[Source information Boundary: Start]
lemma rothberger_infinitely_often:
  assumes "\<And>n::nat. cover_by T X (\<U> n)"
  shows "\<exists>U. (\<forall>n. U n \<in> \<U> n) \<and> (\<forall>x\<in>X. infinite {n. x \<in> U n})"
proof -
  have "\<exists>U. (\<forall>j. U j \<in> \<U> (prod_encode (i, j))) \<and> X \<subseteq> (\<Union>j. U j)" for i
    using rothberger[of "\<lambda>j. \<U> (prod_encode (i, j))"] assms by blast
  then obtain sel where sel_in: "\<And>i j. sel i j \<in> \<U> (prod_encode (i, j))"
    and sel_cover: "\<And>i. X \<subseteq> (\<Union>j. sel i j)"
    by metis
  define U where "U n = sel (fst (prod_decode n)) (snd (prod_decode n))" for n
  have U_encode: "U (prod_encode (i, j)) = sel i j" for i j
    by (simp add: U_def)
  have "U n \<in> \<U> n" for n
    using sel_in[of "fst (prod_decode n)" "snd (prod_decode n)"] by (simp add: U_def)
  moreover have "infinite {n. x \<in> U n}" if "x \<in> X" for x
    unfolding infinite_nat_iff_unbounded_le
  proof
    fix L
    obtain j where "x \<in> sel L j"
      using sel_cover \<open>x \<in> X\<close> by blast
    then show "\<exists>n\<ge>L. n \<in> {n. x \<in> U n}"
      by (intro exI[of _ "prod_encode (L, j)"]) (simp add: U_encode le_prod_encode_1)
  qed
  ultimately show ?thesis
    by blast
qed

lemma exists_two_step_bounds:
  assumes V_in: "\<And>s k. V s k \<in> T" and V_cover: "\<And>s. X \<subseteq> (\<Union>k. V s k)"
  shows "\<exists>K M. \<forall>x\<in>X. infinite {n. x \<in> covered_within V (nodes_upto n) (K n) \<inter>
    covered_within V (nodes_upto (K n)) (M n)}"
proof -
  define \<A> where
    "\<A> n = {covered_within V (nodes_upto n) K \<inter> covered_within V (nodes_upto K) M | K M. True}" for n
  have "cover_by T X (\<A> n)" for n
    unfolding cover_by_def
  proof
    have "covered_within V (nodes_upto N) K \<in> T" for N K
      using covered_within_closed[of "nodes_upto N" V K] finite_nodes_upto Nil_in_nodes_upto V_in
      by blast
    then show "\<A> n \<subseteq> T"
      unfolding \<A>_def by (auto intro: Int_closed)
    show "X \<subseteq> \<Union>(\<A> n)"
    proof
      fix x assume "x \<in> X"
      then have "x \<in> (\<Union>k. V s k)" for s
        using V_cover by blast
      then obtain K M where "x \<in> covered_within V (nodes_upto n) K" "x \<in> covered_within V (nodes_upto K) M"
        using covered_within_exists[OF finite_nodes_upto] by metis
      then show "x \<in> \<Union>(\<A> n)"
        unfolding \<A>_def by blast
    qed
  qed
  then obtain U where U_in: "\<forall>n. U n \<in> \<A> n" and U_often: "\<forall>x\<in>X. infinite {n. x \<in> U n}"
    using rothberger_infinitely_often by blast
  then have "\<forall>n. \<exists>K M. U n = covered_within V (nodes_upto n) K \<inter> covered_within V (nodes_upto K) M"
    unfolding \<A>_def by blast
  then obtain K M where KM:
      "\<And>n. U n = covered_within V (nodes_upto n) (K n) \<inter> covered_within V (nodes_upto (K n)) (M n)"
    by metis
  have "\<forall>x\<in>X. infinite {n. x \<in> covered_within V (nodes_upto n) (K n) \<inter>
    covered_within V (nodes_upto (K n)) (M n)}"
    using U_often by (simp only: KM)
  then show ?thesis
    by (intro exI)
qed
[Source information Boundary: End]
Down to the final line, write out all of the material exactly.

lemma rothberger_infinitely_often:
  assumes "\<And>n::nat. cover_by T X (\<U> n)"
  shows "\<exists>U. (\<forall>n. U n \<in> \<U> n) \<and> (\<forall>x\<in>X. infinite {n. x \<in> U n})"
proof -
  have "\<exists>U. (\<forall>j. U j \<in> \<U> (prod_encode (i, j))) \<and> X \<subseteq> (\<Union>j. U j)" for i
    using rothberger[of "\<lambda>j. \<U> (prod_encode (i, j))"] assms by blast
  then obtain sel where sel_in: "\<And>i j. sel i j \<in> \<U> (prod_encode (i, j))"
    and sel_cover: "\<And>i. X \<subseteq> (\<Union>j. sel i j)"
    by metis
  define U where "U n = sel (fst (prod_decode n)) (snd (prod_decode n))" for n
  have U_encode: "U (prod_encode (i, j)) = sel i j" for i j
    by (simp add: U_def)
  have "U n \<in> \<U> n" for n
    using sel_in[of "fst (prod_decode n)" "snd (prod_decode n)"] by (simp add: U_def)
  moreover have "infinite {n. x \<in> U n}" if "x \<in> X" for x
    unfolding infinite_nat_iff_unbounded_le
  proof
    fix L
    obtain j where "x \<in> sel L j"
      using sel_cover \<open>x \<in> X\<close> by blast
    then show "\<exists>n\<ge>L. n \<in> {n. x \<in> U n}"
      by (intro exI[of _ "prod_encode (L, j)"]) (simp add: U_encode le_prod_encode_1)
  qed
  ultimately show ?thesis
    by blast
qed

lemma exists_two_step_bounds:
  assumes V_in: "\<And>s k. V s k \<in> T" and V_cover: "\<And>s. X \<subseteq> (\<Union>k. V s k)"
  shows "\<exists>K M. \<forall>x\<in>X. infinite {n. x \<in> covered_within V (nodes_upto n) (K n) \<inter>
    covered_within V (nodes_upto (K n)) (M n)}"
proof -
  define \<A> where
    "\<A> n = {covered_within V (nodes_upto n) K \<inter> covered_within V (nodes_upto K) M | K M. True}" for n
  have "cover_by T X (\<A> n)" for n
    unfolding cover_by_def
  proof
    have "covered_within V (nodes_upto N) K \<in> T" for N K
      using covered_within_closed[of "nodes_upto N" V K] finite_nodes_upto Nil_in_nodes_upto V_in
      by blast
    then show "\<A> n \<subseteq> T"
      unfolding \<A>_def by (auto intro: Int_closed)
    show "X \<subseteq> \<Union>(\<A> n)"
    proof
      fix x assume "x \<in> X"
      then have "x \<in> (\<Union>k. V s k)" for s
        using V_cover by blast
      then obtain K M where "x \<in> covered_within V (nodes_upto n) K" "x \<in> covered_within V (nodes_upto K) M"
        using covered_within_exists[OF finite_nodes_upto] by metis
      then show "x \<in> \<Union>(\<A> n)"
        unfolding \<A>_def by blast
    qed
  qed
  then obtain U where U_in: "\<forall>n. U n \<in> \<A> n" and U_often: "\<forall>x\<in>X. infinite {n. x \<in> U n}"
    using rothberger_infinitely_often by blast
  then have "\<forall>n. \<exists>K M. U n = covered_within V (nodes_upto n) K \<inter> covered_within V (nodes_upto K) M"
    unfolding \<A>_def by blast
  then obtain K M where KM:
      "\<And>n. U n = covered_within V (nodes_upto n) (K n) \<inter> covered_within V (nodes_upto (K n)) (M n)"
    by metis
  have "\<forall>x\<in>X. infinite {n. x \<in> covered_within V (nodes_upto n) (K n) \<inter>
    covered_within V (nodes_upto (K n)) (M n)}"
    using U_often by (simp only: KM)
  then show ?thesis
    by (intro exI)
qed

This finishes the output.